text \<open>Idealised run of Algorithm 2 (exact coordinate maximisation, threshold 0,
  no iteration cap): xs n is the point after n single-coordinate updates;
  step n updates coordinate j = n mod K (cyclic order), replacing it by a maximiser
  over [sb, U_j] of J with the other coordinates fixed.\<close>
definition cyclic_ascent :: "nat \<Rightarrow> real \<Rightarrow> real \<Rightarrow> real \<Rightarrow> real \<Rightarrow> real \<Rightarrow>
    (nat \<Rightarrow> complex) \<Rightarrow> (nat \<Rightarrow> complex) \<Rightarrow> (nat \<Rightarrow> real) \<Rightarrow> (nat \<Rightarrow> nat \<Rightarrow> real) \<Rightarrow> bool" where
  "cyclic_ascent K eta1 eta2 P sb sD h g v xs \<longleftrightarrow>
     feasible K eta1 eta2 P sb h v (xs 0) \<and>
     (\<forall>n. let j = n mod K; U = U_coef eta1 eta2 P sb (h j) (v j) in
        (\<forall>k. k \<noteq> j \<longrightarrow> xs (Suc n) k = xs n k) \<and>
        sb \<le> xs (Suc n) j \<and> xs (Suc n) j \<le> U \<and>
        (\<forall>t. sb \<le> t \<and> t \<le> U \<longrightarrow>
           J_obj K eta1 eta2 P sb sD h g v ((xs n)(j := t))
             \<le> J_obj K eta1 eta2 P sb sD h g v (xs (Suc n))))"

definition opt_val :: "nat \<Rightarrow> real \<Rightarrow> real \<Rightarrow> real \<Rightarrow> real \<Rightarrow> real \<Rightarrow>
    (nat \<Rightarrow> complex) \<Rightarrow> (nat \<Rightarrow> complex) \<Rightarrow> (nat \<Rightarrow> real) \<Rightarrow> real" where
  "opt_val K eta1 eta2 P sb sD h g v =
     Sup (J_obj K eta1 eta2 P sb sD h g v ` {x. feasible K eta1 eta2 P sb h v x})"

end

theory Submission
  imports Defs "HOL-Analysis.Convex" "HOL-Analysis.Elementary_Metric_Spaces"
begin

(* Reparametrise each coordinate t by 1/t, i.e. interpolate with harm_comb. Along such
   segments every noise term is affine and every signal term sig k strictly concave. At a
   point x that is maximal in coordinate j, comparing one-sided derivatives along the segment
   towards any feasible t gives the bound sig j t \<le> sqrt (sig j (x j)) * w, with a weight w
   affine in the noise term of t. Cauchy-Schwarz turns these bounds into
   (ampl z)^2 \<le> snr x * noise_power z, so a point maximal in every coordinate is a global
   maximiser, and strict concavity makes each coordinate maximiser unique.
   Along the algorithm snr increases and converges. Choose a subsequence along which the K
   blocks of consecutive iterates converge; the block limits are maximal in their own
   coordinate and, by uniqueness, coincide, so their common limit is a global maximiser. *)

definition harm_comb :: "real \<Rightarrow> real \<Rightarrow> real \<Rightarrow> real" where
  "harm_comb e x y = 1 / ((1 - e) / x + e / y)"

lemma inverse_harm_comb: "1 / harm_comb e x y = (1 - e) / x + e / y"
  by (simp add: harm_comb_def)

lemma affine_inverse_harm_comb:
  "\<alpha> / harm_comb e x y + \<beta> = (1 - e) * (\<alpha> / x + \<beta>) + e * (\<alpha> / y + \<beta>)"
proof -
  have "\<alpha> / harm_comb e x y = \<alpha> * (1 / harm_comb e x y)" by simp
  then show ?thesis unfolding inverse_harm_comb by (simp add: algebra_simps)
qed

lemma harm_comb_pos:
  assumes "0 < x" "0 < y" "0 \<le> e" "e \<le> 1"
  shows "0 < harm_comb e x y"
proof -
  have "0 < (1 - e) / x + e / y"
    using assms by (cases "e = 1") (auto intro: add_pos_nonneg add_nonneg_pos)
  then show ?thesis by (simp add: harm_comb_def)
qed

lemma harm_comb_between:
  assumes "0 < lo" "lo \<le> x" "x \<le> hi" "lo \<le> y" "y \<le> hi" "0 \<le> e" "e \<le> 1"
  shows "lo \<le> harm_comb e x y" "harm_comb e x y \<le> hi"
proof -
  have "(1 - e) / hi + e / hi \<le> (1 - e) / x + e / y"
    using assms by (intro add_mono divide_left_mono) auto
  then have le: "1 / hi \<le> 1 / harm_comb e x y"
    unfolding inverse_harm_comb by (simp add: add_divide_distrib[symmetric])
  have "(1 - e) / x + e / y \<le> (1 - e) / lo + e / lo"
    using assms by (intro add_mono divide_left_mono) auto
  then have ge: "1 / harm_comb e x y \<le> 1 / lo"
    unfolding inverse_harm_comb by (simp add: add_divide_distrib[symmetric])
  have pos: "0 < harm_comb e x y"
    using assms by (intro harm_comb_pos) auto
  show "lo \<le> harm_comb e x y" using ge pos assms(1) by (simp add: field_simps)
  show "harm_comb e x y \<le> hi" using le pos assms by (simp add: field_simps)
qed

lemma harm_comb_le_convex_comb:
  assumes "0 < x" "0 < y" "0 \<le> e" "e \<le> 1"
  shows "harm_comb e x y \<le> (1 - e) * x + e * y"
    and "0 < e \<Longrightarrow> e < 1 \<Longrightarrow> x \<noteq> y \<Longrightarrow> harm_comb e x y < (1 - e) * x + e * y"
proof -
  define W where "W = (1 - e) / x + e / y"
  have hW: "harm_comb e x y = 1 / W" by (simp add: harm_comb_def W_def)
  have "0 < W" using harm_comb_pos[OF assms] by (simp add: hW)
  have gap: "((1 - e) * x + e * y) * W - 1 = e * (1 - e) * (x - y)\<^sup>2 / (x * y)"
    using assms unfolding W_def by (simp add: field_simps power2_eq_square)
  have "0 \<le> e * (1 - e) * (x - y)\<^sup>2 / (x * y)" using assms by simp
  then show "harm_comb e x y \<le> (1 - e) * x + e * y"
    using gap \<open>0 < W\<close> unfolding hW by (simp add: divide_le_eq)
  assume "0 < e" "e < 1" "x \<noteq> y"
  then have "0 < e * (1 - e) * (x - y)\<^sup>2 / (x * y)" using assms by simp
  then show "harm_comb e x y < (1 - e) * x + e * y"
    using gap \<open>0 < W\<close> unfolding hW by (simp add: divide_less_eq)
qed

lemma finite_coords_convergent_subseq:
  fixes X :: "nat \<Rightarrow> 'i \<Rightarrow> 'a::heine_borel"
  assumes "finite I" and "\<And>i. i \<in> I \<Longrightarrow> bounded (range (\<lambda>n. X n i))"
  obtains r y where "strict_mono r" "\<And>i. i \<in> I \<Longrightarrow> (\<lambda>n. X (r n) i) \<longlonglongrightarrow> y i"
proof -
  have "\<exists>y r. strict_mono r \<and>
      (\<forall>\<epsilon>>0. eventually (\<lambda>n. \<forall>i\<in>I. dist (X (r n) i) (y i) < \<epsilon>) sequentially)"
    using compact_lemma_general[where basis = I and f = X and proj = "\<lambda>x i. x i" and unproj = id] assms
    by (simp add: image_image)
  then obtain y r where "strict_mono r"
    and y: "\<And>\<epsilon>. \<epsilon> > 0 \<Longrightarrow> eventually (\<lambda>n. \<forall>i\<in>I. dist (X (r n) i) (y i) < \<epsilon>) sequentially"
    by blast
  have "(\<lambda>n. X (r n) i) \<longlonglongrightarrow> y i" if "i \<in> I" for i
    unfolding tendsto_iff using y that by (fast elim: eventually_mono)
  then show ?thesis using that \<open>strict_mono r\<close> by blast
qed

◆ **Task item**:
Once you have read the listing, retype it in full, word for word.

◆ **Exercise output**:
text \<open>Idealised run of Algorithm 2 (exact coordinate maximisation, threshold 0,
  no iteration cap): xs n is the point after n single-coordinate updates;
  step n updates coordinate j = n mod K (cyclic order), replacing it by a maximiser
  over [sb, U_j] of J with the other coordinates fixed.\<close>
definition cyclic_ascent :: "nat \<Rightarrow> real \<Rightarrow> real \<Rightarrow> real \<Rightarrow> real \<Rightarrow> real \<Rightarrow>
    (nat \<Rightarrow> complex) \<Rightarrow> (nat \<Rightarrow> complex) \<Rightarrow> (nat \<Rightarrow> real) \<Rightarrow> (nat \<Rightarrow> nat \<Rightarrow> real) \<Rightarrow> bool" where
  "cyclic_ascent K eta1 eta2 P sb sD h g v xs \<longleftrightarrow>
     feasible K eta1 eta2 P sb h v (xs 0) \<and>
     (\<forall>n. let j = n mod K; U = U_coef eta1 eta2 P sb (h j) (v j) in
        (\<forall>k. k \<noteq> j \<longrightarrow> xs (Suc n) k = xs n k) \<and>
        sb \<le> xs (Suc n) j \<and> xs (Suc n) j \<le> U \<and>
        (\<forall>t. sb \<le> t \<and> t \<le> U \<longrightarrow>
           J_obj K eta1 eta2 P sb sD h g v ((xs n)(j := t))
             \<le> J_obj K eta1 eta2 P sb sD h g v (xs (Suc n))))"

definition opt_val :: "nat \<Rightarrow> real \<Rightarrow> real \<Rightarrow> real \<Rightarrow> real \<Rightarrow> real \<Rightarrow>
    (nat \<Rightarrow> complex) \<Rightarrow> (nat \<Rightarrow> complex) \<Rightarrow> (nat \<Rightarrow> real) \<Rightarrow> real" where
  "opt_val K eta1 eta2 P sb sD h g v =
     Sup (J_obj K eta1 eta2 P sb sD h g v ` {x. feasible K eta1 eta2 P sb h v x})"

end

theory Submission
  imports Defs "HOL-Analysis.Convex" "HOL-Analysis.Elementary_Metric_Spaces"
begin

(* Reparametrise each coordinate t by 1/t, i.e. interpolate with harm_comb. Along such
   segments every noise term is affine and every signal term sig k strictly concave. At a
   point x that is maximal in coordinate j, comparing one-sided derivatives along the segment
   towards any feasible t gives the bound sig j t \<le> sqrt (sig j (x j)) * w, with a weight w
   affine in the noise term of t. Cauchy-Schwarz turns these bounds into
   (ampl z)^2 \<le> snr x * noise_power z, so a point maximal in every coordinate is a global
   maximiser, and strict concavity makes each coordinate maximiser unique.
   Along the algorithm snr increases and converges. Choose a subsequence along which the K
   blocks of consecutive iterates converge; the block limits are maximal in their own
   coordinate and, by uniqueness, coincide, so their common limit is a global maximiser. *)

definition harm_comb :: "real \<Rightarrow> real \<Rightarrow> real \<Rightarrow> real" where
  "harm_comb e x y = 1 / ((1 - e) / x + e / y)"

lemma inverse_harm_comb: "1 / harm_comb e x y = (1 - e) / x + e / y"
  by (simp add: harm_comb_def)

lemma affine_inverse_harm_comb:
  "\<alpha> / harm_comb e x y + \<beta> = (1 - e) * (\<alpha> / x + \<beta>) + e * (\<alpha> / y + \<beta>)"
proof -
  have "\<alpha> / harm_comb e x y = \<alpha> * (1 / harm_comb e x y)" by simp
  then show ?thesis unfolding inverse_harm_comb by (simp add: algebra_simps)
qed

lemma harm_comb_pos:
  assumes "0 < x" "0 < y" "0 \<le> e" "e \<le> 1"
  shows "0 < harm_comb e x y"
proof -
  have "0 < (1 - e) / x + e / y"
    using assms by (cases "e = 1") (auto intro: add_pos_nonneg add_nonneg_pos)
  then show ?thesis by (simp add: harm_comb_def)
qed

lemma harm_comb_between:
  assumes "0 < lo" "lo \<le> x" "x \<le> hi" "lo \<le> y" "y \<le> hi" "0 \<le> e" "e \<le> 1"
  shows "lo \<le> harm_comb e x y" "harm_comb e x y \<le> hi"
proof -
  have "(1 - e) / hi + e / hi \<le> (1 - e) / x + e / y"
    using assms by (intro add_mono divide_left_mono) auto
  then have le: "1 / hi \<le> 1 / harm_comb e x y"
    unfolding inverse_harm_comb by (simp add: add_divide_distrib[symmetric])
  have "(1 - e) / x + e / y \<le> (1 - e) / lo + e / lo"
    using assms by (intro add_mono divide_left_mono) auto
  then have ge: "1 / harm_comb e x y \<le> 1 / lo"
    unfolding inverse_harm_comb by (simp add: add_divide_distrib[symmetric])
  have pos: "0 < harm_comb e x y"
    using assms by (intro harm_comb_pos) auto
  show "lo \<le> harm_comb e x y" using ge pos assms(1) by (simp add: field_simps)
  show "harm_comb e x y \<le> hi" using le pos assms by (simp add: field_simps)
qed

lemma harm_comb_le_convex_comb:
  assumes "0 < x" "0 < y" "0 \<le> e" "e \<le> 1"
  shows "harm_comb e x y \<le> (1 - e) * x + e * y"
    and "0 < e \<Longrightarrow> e < 1 \<Longrightarrow> x \<noteq> y \<Longrightarrow> harm_comb e x y < (1 - e) * x + e * y"
proof -
  define W where "W = (1 - e) / x + e / y"
  have hW: "harm_comb e x y = 1 / W" by (simp add: harm_comb_def W_def)
  have "0 < W" using harm_comb_pos[OF assms] by (simp add: hW)
  have gap: "((1 - e) * x + e * y) * W - 1 = e * (1 - e) * (x - y)\<^sup>2 / (x * y)"
    using assms unfolding W_def by (simp add: field_simps power2_eq_square)
  have "0 \<le> e * (1 - e) * (x - y)\<^sup>2 / (x * y)" using assms by simp
  then show "harm_comb e x y \<le> (1 - e) * x + e * y"
    using gap \<open>0 < W\<close> unfolding hW by (simp add: divide_le_eq)
  assume "0 < e" "e < 1" "x \<noteq> y"
  then have "0 < e * (1 - e) * (x - y)\<^sup>2 / (x * y)" using assms by simp
  then show "harm_comb e x y < (1 - e) * x + e * y"
    using gap \<open>0 < W\<close> unfolding hW by (simp add: divide_less_eq)
qed

lemma finite_coords_convergent_subseq:
  fixes X :: "nat \<Rightarrow> 'i \<Rightarrow> 'a::heine_borel"
  assumes "finite I" and "\<And>i. i \<in> I \<Longrightarrow> bounded (range (\<lambda>n. X n i))"
  obtains r y where "strict_mono r" "\<And>i. i \<in> I \<Longrightarrow> (\<lambda>n. X (r n) i) \<longlonglongrightarrow> y i"
proof -
  have "\<exists>y r. strict_mono r \<and>
      (\<forall>\<epsilon>>0. eventually (\<lambda>n. \<forall>i\<in>I. dist (X (r n) i) (y i) < \<epsilon>) sequentially)"
    using compact_lemma_general[where basis = I and f = X and proj = "\<lambda>x i. x i" and unproj = id] assms
    by (simp add: image_image)
  then obtain y r where "strict_mono r"
    and y: "\<And>\<epsilon>. \<epsilon> > 0 \<Longrightarrow> eventually (\<lambda>n. \<forall>i\<in>I. dist (X (r n) i) (y i) < \<epsilon>) sequentially"
    by blast
  have "(\<lambda>n. X (r n) i) \<longlonglongrightarrow> y i" if "i \<in> I" for i
    unfolding tendsto_iff using y that by (fast elim: eventually_mono)
  then show ?thesis using that \<open>strict_mono r\<close> by blast
qed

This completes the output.